» **Exercise aim**
Print exactly those lines that run from the beginning of the data to the line bearing "unfolding incr_def using", inclusive.
##### Extracted information
lemma fz_bounds:
  "finite_var2 p (incr (\<lambda>t. f (z t))) 0 T" "pvar p (\<lambda>t. f (z t)) 0 T \<le> m"
proof -
  have fin_z: "finite_var2 p (incr z) 0 T" using ball_facts(3) unfolding finite_pvar_def .
  have "norm (incr (\<lambda>t. f (z t)) a b) \<le> lip_norm f * norm (incr z a b)" for a b
    unfolding incr_def using lip_norm_le by simp
  note cmp = finite_var2_compare[OF p_pos(1) lip_norm_nonneg _ this fin_z]
  then show "finite_var2 p (incr (\<lambda>t. f (z t))) 0 T" using T by simp
  have "pvar p (\<lambda>t. f (z t)) 0 T \<le> lip_norm f * (m / c_f f)"
    using cmp(2) T ball_facts(6) lip_norm_nonneg unfolding pvar_def
    by (meson less_imp_le order_trans mult_left_mono)
  also have "\<dots> \<le> c_f f * (m / c_f f)"
    using sup_norm_nonneg m c_f_pos unfolding c_f_def by (intro mult_right_mono) auto
  finally show "pvar p (\<lambda>t. f (z t)) 0 T \<le> m" using c_f_pos by simp
qed

lemma I_map_in_ball:
  assumes "5 * e * remainder_const p m \<le> m^2" "5 * e * increment_const p m * c_f f \<le> m"
  shows "I_map X XX T f x0 z z' \<in> ball_T p X f T m"
proof -
  have I: "I_map X XX T f x0 z z' = ((\<lambda>t. x0 + sewn_path t), (\<lambda>t. f (z t)))"
    unfolding I_map_def rough_integral_eq_sewn_path ..
  have "continuous_on {0..T} (\<lambda>t. x0 + sewn_path t)" by (intro continuous_intros continuous_on_sewn_path)
  moreover have "continuous_on {0..T} (\<lambda>t. f (z t))"
    by (rule continuous_on_compose2[OF f_continuous ball_facts(1)]) auto
  moreover have "pvar p (\<lambda>t. x0 + sewn_path t) 0 T \<le> m / c_f f"
  proof -
    have "c_f f * pvar p (\<lambda>t. x0 + sewn_path t) 0 T \<le> c_f f * (5 * e * increment_const p m)"
      using integral_path_bounds(2) c_f_pos by (intro mult_left_mono) auto
    also have "\<dots> = 5 * e * increment_const p m * c_f f" by (rule mult.commute)
    also have "\<dots> \<le> m" by (rule assms(2))
    finally show ?thesis using c_f_pos by (simp add: pos_le_divide_eq mult.commute)
  qed
  moreover have "var2 (p/2) (remainder X (\<lambda>t. x0 + sewn_path t) (\<lambda>t. f (z t))) 0 T \<le> m\<^sup>2"
    using integral_path_bounds(4)[of x0] assms(1) by linarith
  ultimately show ?thesis
    unfolding I ball_T_def controlled_def finite_pvar_def
    using integral_path_bounds(1,3) fz_bounds norm_f_le by auto
qed

end

context C2b_field
begin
##########
» **Your solution**
lemma fz_bounds:
  "finite_var2 p (incr (\<lambda>t. f (z t))) 0 T" "pvar p (\<lambda>t. f (z t)) 0 T \<le> m"
proof -
  have fin_z: "finite_var2 p (incr z) 0 T" using ball_facts(3) unfolding finite_pvar_def .
  have "norm (incr (\<lambda>t. f (z t)) a b) \<le> lip_norm f * norm (incr z a b)" for a b
    unfolding incr_def using lip_norm_le by simp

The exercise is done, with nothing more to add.